A year ago, our team was recognized by our client with an award from their Deputy Commissioner. We went downtown to a reception hall and received awards with a firm handshake from the CIO of this huge federal agency. Our company was mentioned three different times in front of the crowd of just under a thousand people as being fundamental to the ongoing success of the project.
Internally, our company has a web page where you can nominate people for a spot award. Well, not truly a "spot" award, they're awarded quarterly. They are cash bonus rewards and have Silver, Gold, and Platinum levels -- being the senior person in the group I nominated the other two coworkers that received the agency recognition to be considered for this spot award.
The rewards system must send an automated alert to the Partner (my boss's boss) when a nomination is made, and I received the following response from that Partner:
Subject: Beacon Award
I'll need to check with [Sr. Partner]. Normally, the sector lead decides who should submit. Will get back to you. I know, not the way the system is advertised, but the reality of it. Thanks for the input. Why her [BT] rather than you and TB?
One of the coworkers I nominated, BT, was a level below TB and I, and basically the Partner just asked me why I nominated a subordinate instead of myself -- that should have been a warning sign... My response:
I wasn't going to nominate myself… I may be a shameless self-promoter, but I have my limits :)
I nominated everyone recognized (BT and TB), and TB's nomination went to [another Manager]. He also responded that we should wait until the end of Deployments. (Will there ever be an End to deployments? Won't they potentially roll on forever?) [update: it's a year later, they still roll on with no end in sight...]
All I know is that the [agency] Commissioner and CIO sat there and heard three times that [our firm] was fundamental to a project that was being recognized. And it gave us the opportunity to have you meet the Commissioner. If that's not a good example of direct marketing, and worth a few dollars, I don't know what is.
If our sector leads make these decisions, who lets them know what's going on with projects (day-to-day and recognitions)? I thought that's what the nomination form was for, so they could be made aware. I'd rather have the nomination submitted and have them decide it's unworthy than have the nomination stop at our local office. [cw]

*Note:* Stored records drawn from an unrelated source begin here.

lemma ramp_sum_interpolates:
  fixes y :: "nat \<Rightarrow> real"
  assumes "m < n" "real m \<le> q" "q \<le> real m + 1"
  shows "y 0 + (\<Sum>k<n. (y (Suc k) - y k) * ramp (q - real k)) = y m + (q - real m) * (y (Suc m) - y m)"
proof -
  define step where "step k = (y (Suc k) - y k) * ramp (q - real k)" for k
  have below: "(\<Sum>k<m. step k) = y m - y 0"
  proof -
    have "(\<Sum>k<m. step k) = (\<Sum>k<m. y (Suc k) - y k)"
      using assms(2) by (intro sum.cong) (auto simp: step_def ramp_eq_1)
    then show ?thesis by (simp add: sum_lessThan_telescope)
  qed
  have above: "(\<Sum>k\<in>{Suc m..<n}. step k) = 0"
    using assms(3) by (intro sum.neutral) (auto simp: step_def ramp_eq_0)
  have "(\<Sum>k<n. step k) = (\<Sum>k<m. step k) + step m + (\<Sum>k\<in>{Suc m..<n}. step k)"
    using assms(1) sum.atLeastLessThan_concat[of 0 m n step] sum.atLeast_Suc_lessThan[of m n step]
    by (simp add: atLeast0LessThan)
  also have "step m = (q - real m) * (y (Suc m) - y m)"
    using assms(2,3) by (simp add: step_def ramp_eq_self)
  finally show ?thesis
    unfolding step_def[symmetric] below above by simp
qed

lemma unit_interval_containing:
  assumes "0 < n" "0 \<le> q" "q \<le> real n"
  obtains m where "m < n" "real m \<le> q" "q \<le> real m + 1"
proof (cases "q < n")
  case True
  then show ?thesis
    using that[of "nat \<lfloor>q\<rfloor>"] \<open>0 \<le> q\<close> by linarith
next
  case False
  then show ?thesis
    using that[of "n - 1"] assms by (simp add: of_nat_diff)
qed

lemma abs_convex_combination_less:
  fixes u v :: real
  assumes "0 \<le> \<theta>" "\<theta> \<le> 1" "\<bar>u\<bar> < e" "\<bar>v\<bar> < e"
  shows "\<bar>(1 - \<theta>) * u + \<theta> * v\<bar> < e"
proof -
  have "\<bar>(1 - \<theta>) * u + \<theta> * v\<bar> \<le> (1 - \<theta>) * \<bar>u\<bar> + \<theta> * \<bar>v\<bar>"
    using abs_triangle_ineq[of "(1 - \<theta>) * u" "\<theta> * v"] assms(1,2) by (simp add: abs_mult)
  also have "\<dots> < e"
    using assms by (intro convex_bound_lt) auto
  finally show ?thesis .
qed

lemma relu_nets_approx_interval:
  fixes h :: "real \<Rightarrow> real"
  assumes h: "continuous_on {lo..hi} h" and "lo < hi" "0 < e"
  shows "\<exists>g\<in>relu_nets. \<forall>s\<in>{lo..hi}. \<bar>h s - g s\<bar> < e"
proof -
  obtain d where "0 < d" and d: "\<And>s s'. s \<in> {lo..hi} \<Longrightarrow> s' \<in> {lo..hi} \<Longrightarrow> \<bar>s' - s\<bar> < d \<Longrightarrow> \<bar>h s' - h s\<bar> < e"
    using compact_uniformly_continuous[OF h compact_Icc] \<open>0 < e\<close>
    unfolding uniformly_continuous_on_def dist_real_def by metis
  obtain n :: nat where n: "(hi - lo) / d < n"
    using reals_Archimedean2 by blast
  then have "0 < n"
    using \<open>lo < hi\<close> \<open>0 < d\<close> by (metis divide_pos_pos diff_gt_0_iff_gt of_nat_0_less_iff order.strict_trans)
  define D where "D = (hi - lo) / n"
  have "0 < D" "D < d"
    using n \<open>0 < n\<close> \<open>lo < hi\<close> \<open>0 < d\<close> by (auto simp: D_def field_simps)
  define node where "node k = lo + real k * D" for k
  have node_in: "node k \<in> {lo..hi}" if "k \<le> n" for k
  proof -
    have "real k * D \<le> real n * D"
      using that \<open>0 < D\<close> by (simp add: mult_right_mono)
    also have "real n * D = hi - lo"
      using \<open>0 < n\<close> by (simp add: D_def)
    finally show ?thesis
      using \<open>0 < D\<close> by (simp add: node_def)
  qed
  define y where "y k = h (node k)" for k
  \<comment> \<open>the piecewise linear interpolant of h at the nodes\<close>
  define g where "g s = y 0 + (\<Sum>k<n. (y (Suc k) - y k) * ramp ((s - lo) / D - real k))" for s
  have "(\<lambda>s. y 0 + (\<Sum>k<n. (y (Suc k) - y k) * ramp ((1 / D) * s + (- lo / D - real k)))) \<in> relu_nets"
    by (intro relu_nets.net_add relu_nets_const relu_nets_sum relu_nets_ramp) auto
  moreover have "(s - lo) / D - real k = (1 / D) * s + (- lo / D - real k)" for s k
    by (simp add: diff_divide_distrib)
  ultimately have "g \<in> relu_nets"
    unfolding g_def by presburger
  moreover have "\<bar>h s - g s\<bar> < e" if s: "s \<in> {lo..hi}" for s
  proof -
    define q where "q = (s - lo) / D"
    have "0 \<le> q" "q \<le> n"
      using s \<open>0 < D\<close> \<open>0 < n\<close> by (auto simp: q_def D_def field_simps)
    obtain m where m: "m < n" "real m \<le> q" "q \<le> real m + 1"
      using unit_interval_containing[OF \<open>0 < n\<close> \<open>0 \<le> q\<close> \<open>q \<le> n\<close>] .
    define \<theta> where "\<theta> = q - real m"
    have "g s = y m + \<theta> * (y (Suc m) - y m)"
      using ramp_sum_interpolates[OF m] by (simp add: g_def \<theta>_def q_def)
    then have "h s - g s = (1 - \<theta>) * (h s - h (node m)) + \<theta> * (h s - h (node (Suc m)))"
      by (simp add: y_def algebra_simps)
    moreover have "\<bar>s - node m\<bar> \<le> D" "\<bar>s - node (Suc m)\<bar> \<le> D"
      using m \<open>0 < D\<close> by (auto simp: q_def node_def field_simps)
    then have "\<bar>h s - h (node m)\<bar> < e" "\<bar>h s - h (node (Suc m))\<bar> < e"
      using d[OF node_in s] \<open>D < d\<close> m(1) by auto
    ultimately show ?thesis
      using m by (simp add: abs_convex_combination_less \<theta>_def)
  qed
  ultimately show ?thesis by blast
qed

lemma relu_nets_approx_ridge:
  fixes a :: "'a::real_inner" and h :: "real \<Rightarrow> real"
  assumes "compact D" "continuous_on UNIV h" "0 < e"
  shows "\<exists>g\<in>relu_nets. \<forall>x\<in>D. \<bar>h (a \<bullet> x) - g x\<bar> < e"
proof -
  have "compact ((\<lambda>x. a \<bullet> x) ` D)"
    using \<open>compact D\<close> by (intro compact_continuous_image continuous_intros)
  then obtain M where M: "\<And>x. x \<in> D \<Longrightarrow> \<bar>a \<bullet> x\<bar> \<le> M"
    by (fastforce dest: compact_imp_bounded simp: bounded_iff)
  have "continuous_on {-\<bar>M\<bar> - 1..\<bar>M\<bar> + 1} h"
    using assms(2) by (rule continuous_on_subset) simp
  then obtain g where "g \<in> relu_nets" and g: "\<forall>s\<in>{-\<bar>M\<bar> - 1..\<bar>M\<bar> + 1}. \<bar>h s - g s\<bar> < e"
    using relu_nets_approx_interval \<open>0 < e\<close> by fastforce
  have "\<forall>x\<in>D. \<bar>h (a \<bullet> x) - g (a \<bullet> x)\<bar> < e"
    using g M by fastforce
  then show ?thesis
    using relu_nets_compose_inner[OF \<open>g \<in> relu_nets\<close>, of a] by (intro bexI) auto
qed

inductive_set exp_sums :: "('a::real_inner \<Rightarrow> real) set" where
  exp_term: "(\<lambda>x. k * exp (a \<bullet> x)) \<in> exp_sums"
| exp_add: "g \<in> exp_sums \<Longrightarrow> h \<in> exp_sums \<Longrightarrow> (\<lambda>x. g x + h x) \<in> exp_sums"

lemma exp_sums_const: "(\<lambda>x. k) \<in> exp_sums"
  using exp_sums.exp_term[of k 0] by simp

lemma exp_sums_continuous: "g \<in> exp_sums \<Longrightarrow> continuous_on D g"
  by (induction rule: exp_sums.induct) (auto intro!: continuous_intros)
lemma finite_Pseq_deg_less:
  assumes "n \<ge> 1"
  shows "finite (Pseq_deg_less n m)"
proof (rule inj_on_finite)
  show "inj_on (\<lambda>\<alpha>. restrict \<alpha> {..<m}) (Pseq_deg_less n m)"
  proof (rule inj_onI, rule ext)
    fix \<alpha> \<beta> j
    assume "\<alpha> \<in> Pseq_deg_less n m" "\<beta> \<in> Pseq_deg_less n m"
      and "restrict \<alpha> {..<m} = restrict \<beta> {..<m}"
    then show "\<alpha> j = \<beta> j"
      by (cases "j < m") (auto dest: fun_cong[of _ _ j])
  qed
  show "(\<lambda>\<alpha>. restrict \<alpha> {..<m}) ` Pseq_deg_less n m \<subseteq> PiE {..<m} (\<lambda>_. roots_plus n)"
    by (auto simp: Pseq_def split: if_splits)
  show "finite (PiE {..<m} (\<lambda>_. roots_plus n))"
    using assms by (simp add: finite_PiE finite_roots_plus)
qed

lemma (in ring) carrier_quotient_ring: "carrier (R Quot I) = (\<lambda>a. I +> a) ` carrier R"
  by (auto simp: FactRing_def A_RCOSETS_def')

locale adic_filtration = cring R for R :: "('a, 'm) ring_scheme" (structure) +
  fixes T :: 'a
  assumes T_closed: "T \<in> carrier R"
begin

lemma Jid_eq_PIdl: "Jid R T m = PIdl (T [^] m)"
  unfolding Jid_def cgenideal_def by (metis (no_types, lifting) T_closed m_comm nat_pow_closed)

lemma Jid_ideal: "ideal (Jid R T m) R"
  unfolding Jid_eq_PIdl by (simp add: cgenideal_ideal T_closed)

lemma Jid_subset_carrier: "Jid R T m \<subseteq> carrier R"
  using T_closed by (auto simp: Jid_def)

lemma zero_in_Jid: "\<zero> \<in> Jid R T m"
  using additive_subgroup.zero_closed[OF ideal.axioms(1)[OF Jid_ideal]] .

lemma Jid_0: "Jid R T 0 = carrier R"
  by (force simp: Jid_def)

lemma Jid_Suc: "Jid R T (Suc m) = (\<lambda>y. T \<otimes> y) ` Jid R T m"
proof (intro equalityI subsetI)
  fix x assume "x \<in> Jid R T (Suc m)"
  then obtain r where "r \<in> carrier R" "x = T [^] Suc m \<otimes> r"
    by (auto simp: Jid_def)
  moreover have "T [^] m \<otimes> r \<in> Jid R T m"
    using \<open>r \<in> carrier R\<close> unfolding Jid_def by blast
  ultimately show "x \<in> (\<lambda>y. T \<otimes> y) ` Jid R T m"
    by (simp add: m_ac T_closed)
next
  fix x assume "x \<in> (\<lambda>y. T \<otimes> y) ` Jid R T m"
  then obtain r where "r \<in> carrier R" "x = T \<otimes> (T [^] m \<otimes> r)"
    by (auto simp: Jid_def)
  then have "x = T [^] Suc m \<otimes> r"
    by (simp add: m_ac T_closed)
  with \<open>r \<in> carrier R\<close> show "x \<in> Jid R T (Suc m)"
    unfolding Jid_def by blast
qed

lemma T_mult_in_Jid_Suc: "y \<in> Jid R T m \<Longrightarrow> T \<otimes> y \<in> Jid R T (Suc m)"
  unfolding Jid_Suc by blast

lemma T_mult_add_in_Jid_Suc: "y \<in> Jid R T m \<Longrightarrow> y' \<in> Jid R T m \<Longrightarrow> T \<otimes> (y \<oplus> y') \<in> Jid R T (Suc m)"
  by (intro T_mult_in_Jid_Suc additive_subgroup.a_closed[OF ideal.axioms(1)[OF Jid_ideal]])

lemma Jid_Suc_subset: "Jid R T (Suc m) \<subseteq> Jid R T m"
  unfolding Jid_Suc using Jid_ideal T_closed by (auto intro: ideal.I_l_closed)

lemma canon_in_invlim: "canon R T \<in> carrier R \<rightarrow> invlim R T"
proof
  fix z assume z: "z \<in> carrier R"
  have "Jid R T (Suc m) +> z \<subseteq> Jid R T m +> z" for m
    unfolding a_r_coset_def' using Jid_Suc_subset[of m] by blast
  then show "canon R T z \<in> invlim R T"
    unfolding canon_def invlim_def carrier_quotient_ring using z by blast
qed

end

locale mu_generator = adic_filtration R T for R :: "('a, 'm) ring_scheme" (structure) and T +
  fixes n :: nat and \<iota> :: "complex \<Rightarrow> 'a"
  assumes n_pos: "1 \<le> n"
    and iota_units: "\<iota> \<in> Defs.roots n \<rightarrow> Units R"
    and iota_mult: "\<And>\<xi> \<eta>. \<xi> \<in> Defs.roots n \<Longrightarrow> \<eta> \<in> Defs.roots n \<Longrightarrow> \<iota> (\<xi> * \<eta>) = \<iota> \<xi> \<otimes> \<iota> \<eta>"
    and unique_digits: "\<And>z. z \<in> carrier R \<Longrightarrow> \<exists>!\<alpha>. \<alpha> \<in> Pseq n \<and> sigma R \<iota> T \<alpha> = z"
begin

abbreviation "\<iota>\<^sub>p \<equiv> iota_p R \<iota>"
abbreviation "sig \<equiv> sigma R \<iota> T"
abbreviation "digits \<equiv> coeffs n R \<iota> T"

lemma iota_closed: "\<xi> \<in> Defs.roots n \<Longrightarrow> \<iota> \<xi> \<in> carrier R"
  using iota_units by blast

lemma iota_one: "\<iota> 1 = \<one>"
proof -
  have u: "\<iota> 1 \<in> Units R"
    using iota_units one_in_roots by blast
  then have "\<iota> 1 \<otimes> \<iota> 1 = \<iota> 1 \<otimes> \<one>"
    using iota_mult[OF one_in_roots one_in_roots] by auto
  then show ?thesis
    using u by (metis Units_closed Units_l_cancel one_closed)
qed

lemma iota_p_zero [simp]: "\<iota>\<^sub>p 0 = \<zero>"
  and iota_p_nonzero [simp]: "c \<noteq> 0 \<Longrightarrow> \<iota>\<^sub>p c = \<iota> c"
  by (simp_all add: iota_p_def)

lemma iota_p_closed: "c \<in> roots_plus n \<Longrightarrow> \<iota>\<^sub>p c \<in> carrier R"
  by (auto simp: iota_p_def roots_plus_def iota_closed)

Yes, the Partner I was writing to attended the awards ceremony and met the Commissioner and CIO face-to-face, so the event was good for him as well. And despite his final reply, I'm pretty sure this nomination never got beyond the local level:
I've already sent a note to [Sr Partner] to see if we can get a nomination approved through our process. MDs normally make the decisions based upon input from the folks, then we go beg for a slot. It's nice to see someone recognized that people should be rewarded.
Yeah, it's nice to see that I could recognize people that should be rewarded. Unfortunately it seems the system was
BT left the company about two months later -- not due to this, but it certainly didn't give her an incentive to stick around. TB moved on to another project within the firm. Our Partner has since retired. And just recently, TB's manager (that declined TB's nomination) was given the Gold-level reward for renewal of the same project, while the rest of the team was recognized with email congratulations.
If you were the rest of the team, how would you interpret that?